Closed jzakrzeski closed 3 years ago
We've also felt this issue.
Even when running tsagent setup --deploy-key xxx
via User Data at boot time, the agent is already enabled and failing, so an additional call to systemctl restart threatstack
is required.
It would be nice to align this role with clear guidance as to how the docs say things should be done https://threatstack.zendesk.com/hc/en-us/articles/204289149-Steps-for-Deploying-the-Threat-Stack-Agent-via-Amazon-AMI-s
@s01ipsist Hi! Sorry for the lack of response.
I reviewed the docs you linked to. Would this issue also be solved for you if we generally recommended to disable/stop the agent service during the AMI creation process, after install?
Additionally, would an "I am creating an AMI" flag on the role help out? Do you run the ansible role during the AMI creation process? My concern is adding extra complexity to the role to try and differentiate "agent service running & failing because it is a first time run from an AMI" vs "agent service running (and may or may not be failing) in normal operation". We wouldn't want to restart the agent every execution of the role if it sees the service running, or necessarily every time it sees a failure.
Our workaround is to explicitly disable and stop the service before we configure it in our cloudinit script.
threatstack_configure_agent: false
will still set the service to enabled which will cause failure on a reboot as the service can't run without being configured. If I set this value to false I am taking on responsibility for enabling the service so I would expect the service to be disabled.
- name: Stop and disable ThreatStack if not configured
become: true
service:
name: threatstack
state: stopped
enabled: no
when:
- threatstack_configure_agent == false
If that's too big a leap, you could add a variable that allows explicit control of the service state.
- name: Enable/Disable ThreatStack
become: true
service:
name: threatstack
enabled: "{{ threatstack_service_enabled }}"
I don't think the role needs to know about the intentions if it gives suitable options to control the expectations of state.
Thanks for the feedback! I tried out your first option last night.
That said, many users want to always ensure the agent running, automatically (hence the enablement of the service in the install scripts). I am sensitive to not breaking their workflow too. And I could see people using these settings to get into a state where the agent is restarting every ansible run.
Is your goal to use the ansible role during operation of an instance as well? Do you configure the instance's agent via the role after the instance starts up? Do you expect to pass different arguments during the AMI creation vs instance creation/operation?
I can add the separate toggle, but it also seems to me that explicitly disabling the agent outside of the role during AMI creation itself is a cleaner solution, provided we document this recommendation on our side.
We only use Ansible during ami baking. We use a tiny bash script to pull the key from SSM and enable agent during cloud init. We implemented the workaround 6 months ago. Documenting how the role is expected to work would be an improvement
@s01ipsist I added a separate flag named threatstack_agent_disable_service
. Will merge after some additional testing.

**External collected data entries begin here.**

(* Let $E$ be an ordered Banach space, $I$ an interval, and $f:I\rightarrow E$ a continuous function which is three times differentiable on the interior of $I$. Then $f$ is $3$-convex if and only if $f'''(t)\geq0$ (i.e. $f'''(t)\in E_+$) for all $t$ in the interior of $I$.
   Context: An ordered Banach space is a Banach space $E$ with a closed convex cone $E_+$ such that $E=E_+-E_+$, $(-E_+)\cap E_+=\{0\}$, ordered by $x\leq y$ iff $y-x\in E_+$, and such that $0\leq x\leq y$ implies $\|x\|\leq\|y\|$. A function $f:I\rightarrow E$ is $3$-convex if for all $x_0<x_1<x_2<x_3$ in $I$ the divided difference $[x_0,x_1,x_2,x_3;f]=\sum_{j=0}^{3}\frac{f(x_j)}{\prod_{k\neq j}(x_j-x_k)}$ belongs to $E_+$. Derivatives are taken in the norm of $E$. *)

theory Defs
  imports "HOL-Analysis.Analysis"
begin

text \<open>An ordered Banach space: a Banach space together with a positive cone P
  (closed, convex, cone, generating, proper) such that the norm is monotone on P.
  The order is x \<le> y iff y - x \<in> P.\<close>
definition ordered_banach_cone :: "'a::banach set \<Rightarrow> bool" where
  "ordered_banach_cone P \<longleftrightarrow>
     closed P \<and> convex P \<and> cone P \<and>
     (\<forall>x. \<exists>a\<in>P. \<exists>b\<in>P. x = a - b) \<and>
     P \<inter> uminus ` P = {0} \<and>
     (\<forall>x y. x \<in> P \<and> y - x \<in> P \<longrightarrow> norm x \<le> norm y)"

definition divdiff3 :: "(real \<Rightarrow> 'a::real_vector) \<Rightarrow> real \<Rightarrow> real \<Rightarrow> real \<Rightarrow> real \<Rightarrow> 'a" where
  "divdiff3 f x0 x1 x2 x3 =
     (1 / ((x0 - x1) * (x0 - x2) * (x0 - x3))) *\<^sub>R f x0 +
     (1 / ((x1 - x0) * (x1 - x2) * (x1 - x3))) *\<^sub>R f x1 +
     (1 / ((x2 - x0) * (x2 - x1) * (x2 - x3))) *\<^sub>R f x2 +
     (1 / ((x3 - x0) * (x3 - x1) * (x3 - x2))) *\<^sub>R f x3"

definition three_convex_on :: "'a::real_vector set \<Rightarrow> real set \<Rightarrow> (real \<Rightarrow> 'a) \<Rightarrow> bool" where
  "three_convex_on P I f \<longleftrightarrow>
     (\<forall>x0 x1 x2 x3. x0 \<in> I \<and> x1 \<in> I \<and> x2 \<in> I \<and> x3 \<in> I \<and> x0 < x1 \<and> x1 < x2 \<and> x2 < x3
        \<longrightarrow> divdiff3 f x0 x1 x2 x3 \<in> P)"

end

theory Submission
  imports Defs
begin

(*
  Forward direction: shifting all nodes of a divided difference of order k by h changes it by
  h times a sum of divided differences of order k + 1. Dividing by h and letting h tend to 0
  turns nonnegative third divided differences of f into nonnegative second divided differences
  of f', these into nonnegative first divided differences of f'', and those into f''' >= 0.

  Backward direction (Peano kernel): the third divided difference of f equals that of the
  second-order Taylor remainder R a of f, and a combination of such remainders has, as a
  function of the base point a, derivative f''' a times a nonnegative quadratic kernel. A
  cone-valued mean value theorem, proved by a creeping argument on the distance to the closed
  cone, makes the increment nonnegative; endpoints of I are reached by continuity.
*)

definition divdiff1 :: "(real \<Rightarrow> 'a::real_vector) \<Rightarrow> real \<Rightarrow> real \<Rightarrow> 'a" where
  "divdiff1 f x0 x1 = (1 / (x0 - x1)) *\<^sub>R f x0 + (1 / (x1 - x0)) *\<^sub>R f x1"

definition divdiff2 :: "(real \<Rightarrow> 'a::real_vector) \<Rightarrow> real \<Rightarrow> real \<Rightarrow> real \<Rightarrow> 'a" where
  "divdiff2 f x0 x1 x2 =
     (1 / ((x0 - x1) * (x0 - x2))) *\<^sub>R f x0 +
     (1 / ((x1 - x0) * (x1 - x2))) *\<^sub>R f x1 +
     (1 / ((x2 - x0) * (x2 - x1))) *\<^sub>R f x2"

lemma divdiff2_recurrence:
  assumes "distinct [a, b, c]"
  shows "(b - a) *\<^sub>R divdiff2 f a b c = divdiff1 f b c - divdiff1 f a c"
proof -
  have "(b - a) / ((a - b) * (a - c)) = - (1 / (a - c))"
    "(b - a) / ((b - a) * (b - c)) = 1 / (b - c)"
    "(b - a) / ((c - a) * (c - b)) = 1 / (c - b) - 1 / (c - a)"
    using assms by (auto simp: divide_simps; simp add: algebra_simps)+
  then have "(b - a) *\<^sub>R divdiff2 f a b c = (- (1 / (a - c))) *\<^sub>R f a + (1 / (b - c)) *\<^sub>R f b
      + (1 / (c - b) - 1 / (c - a)) *\<^sub>R f c"
    by (simp add: divdiff2_def scaleR_add_right)
  also have "\<dots> = divdiff1 f b c - divdiff1 f a c"
    by (simp add: divdiff1_def algebra_simps)
  finally show ?thesis .
qed

lemma divdiff3_recurrence:
  assumes "distinct [a, b, c, d]"
  shows "(b - a) *\<^sub>R divdiff3 f a b c d = divdiff2 f b c d - divdiff2 f a c d"
proof -
  have "(b - a) / ((a - b) * (a - c) * (a - d)) = - (1 / ((a - c) * (a - d)))"
    "(b - a) / ((b - a) * (b - c) * (b - d)) = 1 / ((b - c) * (b - d))"
    "(b - a) / ((c - a) * (c - b) * (c - d)) = 1 / ((c - b) * (c - d)) - 1 / ((c - a) * (c - d))"
    "(b - a) / ((d - a) * (d - b) * (d - c)) = 1 / ((d - b) * (d - c)) - 1 / ((d - a) * (d - c))"
    using assms by (auto simp: divide_simps; simp add: algebra_simps)+
  then have "(b - a) *\<^sub>R divdiff3 f a b c d =
      (- (1 / ((a - c) * (a - d)))) *\<^sub>R f a + (1 / ((b - c) * (b - d))) *\<^sub>R f b
      + (1 / ((c - b) * (c - d)) - 1 / ((c - a) * (c - d))) *\<^sub>R f c
      + (1 / ((d - b) * (d - c)) - 1 / ((d - a) * (d - c))) *\<^sub>R f d"
    by (simp add: divdiff3_def scaleR_add_right)
  also have "\<dots> = divdiff2 f b c d - divdiff2 f a c d"
    by (simp add: divdiff2_def algebra_simps)
  finally show ?thesis .
qed

lemma divdiff2_quadratic:
  fixes \<alpha> \<beta> \<gamma> :: real
  assumes "distinct [x0, x1, x2]"
  shows "divdiff2 (\<lambda>t. \<alpha> + \<beta> * t + \<gamma> * t\<^sup>2) x0 x1 x2 = \<gamma>"
  using assms unfolding divdiff2_def
  by (simp add: divide_simps) (simp add: algebra_simps power2_eq_square)

lemma divdiff3_quadratic:
  fixes \<alpha> \<beta> \<gamma> :: real
  assumes "distinct [x0, x1, x2, x3]"
  shows "divdiff3 (\<lambda>t. \<alpha> + \<beta> * t + \<gamma> * t\<^sup>2) x0 x1 x2 x3 = 0"
proof -
  let ?q = "\<lambda>t. \<alpha> + \<beta> * t + \<gamma> * t\<^sup>2"
  have "(x1 - x0) * divdiff3 ?q x0 x1 x2 x3 = \<gamma> - \<gamma>"
    using divdiff3_recurrence[OF assms, of ?q] assms by (simp add: divdiff2_quadratic)
  then show ?thesis
    using assms by simp
qed

lemma divdiff3_diff:
  "divdiff3 (\<lambda>t. f t - g t) x0 x1 x2 x3 = divdiff3 f x0 x1 x2 x3 - divdiff3 g x0 x1 x2 x3"
  by (simp add: divdiff3_def algebra_simps)

lemma divdiff3_scaleR_left:
  "divdiff3 (\<lambda>t. q t *\<^sub>R v) x0 x1 x2 x3 = divdiff3 q x0 x1 x2 x3 *\<^sub>R v"
  by (simp add: divdiff3_def algebra_simps)

lemma divdiff1_shift:
  assumes "0 < h" "z0 + h < z1"
  shows "divdiff1 g (z0 + h) (z1 + h) - divdiff1 g z0 z1 =
    h *\<^sub>R (divdiff2 g z0 (z0 + h) z1 + divdiff2 g (z0 + h) z1 (z1 + h))"
proof -
  have "h *\<^sub>R divdiff2 g z0 (z0 + h) z1 = divdiff1 g (z0 + h) z1 - divdiff1 g z0 z1"
    using divdiff2_recurrence[of z0 "z0 + h" z1 g] assms by simp
  moreover have "h *\<^sub>R divdiff2 g z1 (z1 + h) (z0 + h)
      = divdiff1 g (z1 + h) (z0 + h) - divdiff1 g z1 (z0 + h)"
    using divdiff2_recurrence[of z1 "z1 + h" "z0 + h" g] assms by simp
  moreover have "divdiff2 g z1 (z1 + h) (z0 + h) = divdiff2 g (z0 + h) z1 (z1 + h)"
    "divdiff1 g (z1 + h) (z0 + h) = divdiff1 g (z0 + h) (z1 + h)"
    "divdiff1 g z1 (z0 + h) = divdiff1 g (z0 + h) z1"
    by (simp_all add: divdiff1_def divdiff2_def ac_simps)
  ultimately show ?thesis
    by (simp add: scaleR_add_right)
qed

Using latest published version of this role, I noticed that despite setting
threatstack_configure_agent: false
, the threatstack service is being enabled when I just want it to be installed in a base image that I derive from to build other things. This role is respecting that variable'sfalse
value, but the actual package install is executing a SysV script to enable the service, which in turn (on Ubuntu 18.04) causes SystemD to enable and attempt to start the service on next boot.We have gotten around this by wrapping
threatstack.threatstack-ansible
role and adding a task after execution that disables the agent in SystemD, but this is obviously not intended to be the case when using this role.